> **Task brief**
Until the last line is reached, keep transcribing the material exactly.

Segment Start: Records provided

(* Assume $f:[a,b]\to\mathbb{R}$ has an analytic extension. Then there exist constants $C,\gamma>0$, depending only on $f$, such that for every $L\in\mathbb{N}$ there exists a ReLU neural network $\Phi_L:\mathbb{R}\to\mathbb{R}$ with \[ \sup_{x\in[a,b]}|f(x)-\Phi_L(x)|\le C\exp(-\gamma L^{1/2}),\qquad \mathrm{depth}(\Phi_L)\le CL,\qquad \mathrm{width}(\Phi_L)\le C. \]
   Context: A function $F:(\alpha,\beta)\to\mathbb{R}$ is analytic if for every $x_0\in(\alpha,\beta)$ there are $r>0$ and $(a_k)_{k\ge0}$ with $\sum_k|a_k|r^k<\infty$ and $F(x)=\sum_ka_k(x-x_0)^k$ for $|x-x_0|<r$. A function $f:[a,b]\to\mathbb{R}$ has an analytic extension if there is an analytic $F:(\alpha,\beta)\to\mathbb{R}$ with $[a,b]\subset(\alpha,\beta)$ and $F=f$ on $[a,b]$. For a neural network, depth is the number of hidden layers and width the maximal number of neurons in a hidden layer; ReLU is $\sigma(x)=\max(x,0)$. *)

theory Defs
  imports "HOL-Analysis.Analysis"
begin

definition analytic_interval :: "(real \<Rightarrow> real) \<Rightarrow> real \<Rightarrow> real \<Rightarrow> bool" where
  "analytic_interval F \<alpha> \<beta> \<longleftrightarrow>
     (\<forall>x0 \<in> {\<alpha><..<\<beta>}. \<exists>r > 0. \<exists>c :: nat \<Rightarrow> real.
        summable (\<lambda>k. \<bar>c k\<bar> * r ^ k) \<and>
        (\<forall>x \<in> {\<alpha><..<\<beta>}. \<bar>x - x0\<bar> < r \<longrightarrow> F x = (\<Sum>k. c k * (x - x0) ^ k)))"

definition has_analytic_extension :: "(real \<Rightarrow> real) \<Rightarrow> real \<Rightarrow> real \<Rightarrow> bool" where
  "has_analytic_extension f a b \<longleftrightarrow>
     (\<exists>F \<alpha> \<beta>. \<alpha> < a \<and> b < \<beta> \<and> analytic_interval F \<alpha> \<beta> \<and> (\<forall>x \<in> {a..b}. F x = f x))"

text \<open>A layer is an affine map given by (output dimension m, weight matrix W, bias b);
vectors are functions nat => real, only the first components are meaningful.\<close>
type_synonym layer = "nat \<times> (nat \<Rightarrow> nat \<Rightarrow> real) \<times> (nat \<Rightarrow> real)"

definition relu :: "real \<Rightarrow> real" where
  "relu x = max x 0"

definition affine_layer :: "nat \<Rightarrow> layer \<Rightarrow> (nat \<Rightarrow> real) \<Rightarrow> (nat \<Rightarrow> real)" where
  "affine_layer n l x = (case l of (m, W, b) \<Rightarrow>
      (\<lambda>i. if i < m then (\<Sum>j<n. W i j * x j) + b i else 0))"
lemma hinge_comb_increment:
  assumes "finite T" "\<And>\<sigma>. \<forall>\<^sub>F x in F. Vtau \<sigma> x - Vtau \<sigma> \<tau> = (if P \<sigma> then x - \<tau> else 0)"
  shows "\<forall>\<^sub>F x in F. hinge_comb a c T x - hinge_comb a c T \<tau> = sum c {\<sigma>\<in>T. P \<sigma>} * (x - \<tau>)"
proof -
  have "\<forall>\<^sub>F x in F. \<forall>\<sigma>\<in>T. Vtau \<sigma> x - Vtau \<sigma> \<tau> = (if P \<sigma> then x - \<tau> else 0)"
    using assms by (intro eventually_ball_finite) auto
  then show ?thesis
  proof (rule eventually_mono)
    fix x
    assume increments: "\<forall>\<sigma>\<in>T. Vtau \<sigma> x - Vtau \<sigma> \<tau> = (if P \<sigma> then x - \<tau> else 0)"
    have "hinge_comb a c T x - hinge_comb a c T \<tau> = (\<Sum>\<sigma>\<in>T. c \<sigma> * (Vtau \<sigma> x - Vtau \<sigma> \<tau>))"
      by (simp add: hinge_comb_def sum_subtractf right_diff_distrib)
    also have "\<dots> = (\<Sum>\<sigma>\<in>T. (if P \<sigma> then c \<sigma> else 0) * (x - \<tau>))"
      using increments by (intro sum.cong) auto
    also have "\<dots> = sum c {\<sigma>\<in>T. P \<sigma>} * (x - \<tau>)"
      using assms(1) by (simp add: sum.inter_filter sum_distrib_right)
    finally show "hinge_comb a c T x - hinge_comb a c T \<tau> = sum c {\<sigma>\<in>T. P \<sigma>} * (x - \<tau>)" .
  qed
qed

lemma increment_at_right:
  assumes "finite T" "0 \<le> \<tau>" "\<forall>x\<ge>0. v x = hinge_comb a c T x"
  shows "\<forall>\<^sub>F x in at_right \<tau>. \<tau> < x \<and> v x - v \<tau> = sum c {\<sigma>\<in>T. \<sigma> \<le> \<tau>} * (x - \<tau>)"
proof -
  have "\<forall>\<^sub>F x in at_right \<tau>.
      hinge_comb a c T x - hinge_comb a c T \<tau> = sum c {\<sigma>\<in>T. \<sigma> \<le> \<tau>} * (x - \<tau>)"
    by (rule hinge_comb_increment[OF assms(1) Vtau_increment_at_right])
  with eventually_at_right_less[of \<tau>] show ?thesis
    by eventually_elim (use assms(2,3) in simp)
qed

lemma increment_at_left:
  assumes "finite T" "0 < \<tau>" "\<forall>x\<ge>0. v x = hinge_comb a c T x"
  shows "\<forall>\<^sub>F x in at_left \<tau>. 0 < x \<and> x < \<tau> \<and> v x - v \<tau> = sum c {\<sigma>\<in>T. \<sigma> < \<tau>} * (x - \<tau>)"
proof -
  have "\<forall>\<^sub>F x in at_left \<tau>.
      hinge_comb a c T x - hinge_comb a c T \<tau> = sum c {\<sigma>\<in>T. \<sigma> < \<tau>} * (x - \<tau>)"
    by (rule hinge_comb_increment[OF assms(1) Vtau_increment_at_left])
  with eventually_at_left_real[OF assms(2)] show ?thesis
    by eventually_elim (use assms(2,3) in simp)
qed

lemma Lim_difference_quotient:
  fixes v :: "real \<Rightarrow> real"
  assumes "F \<noteq> bot" "\<forall>\<^sub>F x in F. x \<noteq> \<tau> \<and> v x - v \<tau> = s * (x - \<tau>)"
  shows "Lim F (\<lambda>x. (v x - v \<tau>) / (x - \<tau>)) = s"
proof -
  have "\<forall>\<^sub>F x in F. (v x - v \<tau>) / (x - \<tau>) = s"
    using assms(2) by (rule eventually_mono) simp
  then show ?thesis
    by (intro tendsto_Lim[OF assms(1)] tendsto_eventually)
qed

Segment End: Records provided

> **Result below**
(* Assume $f:[a,b]\to\mathbb{R}$ has an analytic extension. Then there exist constants $C,\gamma>0$, depending only on $f$, such that for every $L\in\mathbb{N}$ there exists a ReLU neural network $\Phi_L:\mathbb{R}\to\mathbb{R}$ with \[ \sup_{x\in[a,b]}|f(x)-\Phi_L(x)|\le C\exp(-\gamma L^{1/2}),\qquad \mathrm{depth}(\Phi_L)\le CL,\qquad \mathrm{width}(\Phi_L)\le C. \]
   Context: A function $F:(\alpha,\beta)\to\mathbb{R}$ is analytic if for every $x_0\in(\alpha,\beta)$ there are $r>0$ and $(a_k)_{k\ge0}$ with $\sum_k|a_k|r^k<\infty$ and $F(x)=\sum_ka_k(x-x_0)^k$ for $|x-x_0|<r$. A function $f:[a,b]\to\mathbb{R}$ has an analytic extension if there is an analytic $F:(\alpha,\beta)\to\mathbb{R}$ with $[a,b]\subset(\alpha,\beta)$ and $F=f$ on $[a,b]$. For a neural network, depth is the number of hidden layers and width the maximal number of neurons in a hidden layer; ReLU is $\sigma(x)=\max(x,0)$. *)

theory Defs
  imports "HOL-Analysis.Analysis"
begin

definition analytic_interval :: "(real \<Rightarrow> real) \<Rightarrow> real \<Rightarrow> real \<Rightarrow> bool" where
  "analytic_interval F \<alpha> \<beta> \<longleftrightarrow>
     (\<forall>x0 \<in> {\<alpha><..<\<beta>}. \<exists>r > 0. \<exists>c :: nat \<Rightarrow> real.
        summable (\<lambda>k. \<bar>c k\<bar> * r ^ k) \<and>
        (\<forall>x \<in> {\<alpha><..<\<beta>}. \<bar>x - x0\<bar> < r \<longrightarrow> F x = (\<Sum>k. c k * (x - x0) ^ k)))"

definition has_analytic_extension :: "(real \<Rightarrow> real) \<Rightarrow> real \<Rightarrow> real \<Rightarrow> bool" where
  "has_analytic_extension f a b \<longleftrightarrow>
     (\<exists>F \<alpha> \<beta>. \<alpha> < a \<and> b < \<beta> \<and> analytic_interval F \<alpha> \<beta> \<and> (\<forall>x \<in> {a..b}. F x = f x))"

text \<open>A layer is an affine map given by (output dimension m, weight matrix W, bias b);
vectors are functions nat => real, only the first components are meaningful.\<close>
type_synonym layer = "nat \<times> (nat \<Rightarrow> nat \<Rightarrow> real) \<times> (nat \<Rightarrow> real)"

definition relu :: "real \<Rightarrow> real" where
  "relu x = max x 0"

definition affine_layer :: "nat \<Rightarrow> layer \<Rightarrow> (nat \<Rightarrow> real) \<Rightarrow> (nat \<Rightarrow> real)" where
  "affine_layer n l x = (case l of (m, W, b) \<Rightarrow>
      (\<lambda>i. if i < m then (\<Sum>j<n. W i j * x j) + b i else 0))"
lemma hinge_comb_increment:
  assumes "finite T" "\<And>\<sigma>. \<forall>\<^sub>F x in F. Vtau \<sigma> x - Vtau \<sigma> \<tau> = (if P \<sigma> then x - \<tau> else 0)"
  shows "\<forall>\<^sub>F x in F. hinge_comb a c T x - hinge_comb a c T \<tau> = sum c {\<sigma>\<in>T. P \<sigma>} * (x - \<tau>)"
proof -
  have "\<forall>\<^sub>F x in F. \<forall>\<sigma>\<in>T. Vtau \<sigma> x - Vtau \<sigma> \<tau> = (if P \<sigma> then x - \<tau> else 0)"
    using assms by (intro eventually_ball_finite) auto
  then show ?thesis
  proof (rule eventually_mono)
    fix x
    assume increments: "\<forall>\<sigma>\<in>T. Vtau \<sigma> x - Vtau \<sigma> \<tau> = (if P \<sigma> then x - \<tau> else 0)"
    have "hinge_comb a c T x - hinge_comb a c T \<tau> = (\<Sum>\<sigma>\<in>T. c \<sigma> * (Vtau \<sigma> x - Vtau \<sigma> \<tau>))"
      by (simp add: hinge_comb_def sum_subtractf right_diff_distrib)
    also have "\<dots> = (\<Sum>\<sigma>\<in>T. (if P \<sigma> then c \<sigma> else 0) * (x - \<tau>))"
      using increments by (intro sum.cong) auto
    also have "\<dots> = sum c {\<sigma>\<in>T. P \<sigma>} * (x - \<tau>)"
      using assms(1) by (simp add: sum.inter_filter sum_distrib_right)
    finally show "hinge_comb a c T x - hinge_comb a c T \<tau> = sum c {\<sigma>\<in>T. P \<sigma>} * (x - \<tau>)" .
  qed
qed

lemma increment_at_right:
  assumes "finite T" "0 \<le> \<tau>" "\<forall>x\<ge>0. v x = hinge_comb a c T x"
  shows "\<forall>\<^sub>F x in at_right \<tau>. \<tau> < x \<and> v x - v \<tau> = sum c {\<sigma>\<in>T. \<sigma> \<le> \<tau>} * (x - \<tau>)"
proof -
  have "\<forall>\<^sub>F x in at_right \<tau>.
      hinge_comb a c T x - hinge_comb a c T \<tau> = sum c {\<sigma>\<in>T. \<sigma> \<le> \<tau>} * (x - \<tau>)"
    by (rule hinge_comb_increment[OF assms(1) Vtau_increment_at_right])
  with eventually_at_right_less[of \<tau>] show ?thesis
    by eventually_elim (use assms(2,3) in simp)
qed

lemma increment_at_left:
  assumes "finite T" "0 < \<tau>" "\<forall>x\<ge>0. v x = hinge_comb a c T x"
  shows "\<forall>\<^sub>F x in at_left \<tau>. 0 < x \<and> x < \<tau> \<and> v x - v \<tau> = sum c {\<sigma>\<in>T. \<sigma> < \<tau>} * (x - \<tau>)"
proof -
  have "\<forall>\<^sub>F x in at_left \<tau>.
      hinge_comb a c T x - hinge_comb a c T \<tau> = sum c {\<sigma>\<in>T. \<sigma> < \<tau>} * (x - \<tau>)"
    by (rule hinge_comb_increment[OF assms(1) Vtau_increment_at_left])
  with eventually_at_left_real[OF assms(2)] show ?thesis
    by eventually_elim (use assms(2,3) in simp)
qed

lemma Lim_difference_quotient:
  fixes v :: "real \<Rightarrow> real"
  assumes "F \<noteq> bot" "\<forall>\<^sub>F x in F. x \<noteq> \<tau> \<and> v x - v \<tau> = s * (x - \<tau>)"
  shows "Lim F (\<lambda>x. (v x - v \<tau>) / (x - \<tau>)) = s"
proof -
  have "\<forall>\<^sub>F x in F. (v x - v \<tau>) / (x - \<tau>) = s"
    using assms(2) by (rule eventually_mono) simp
  then show ?thesis
    by (intro tendsto_Lim[OF assms(1)] tendsto_eventually)
qed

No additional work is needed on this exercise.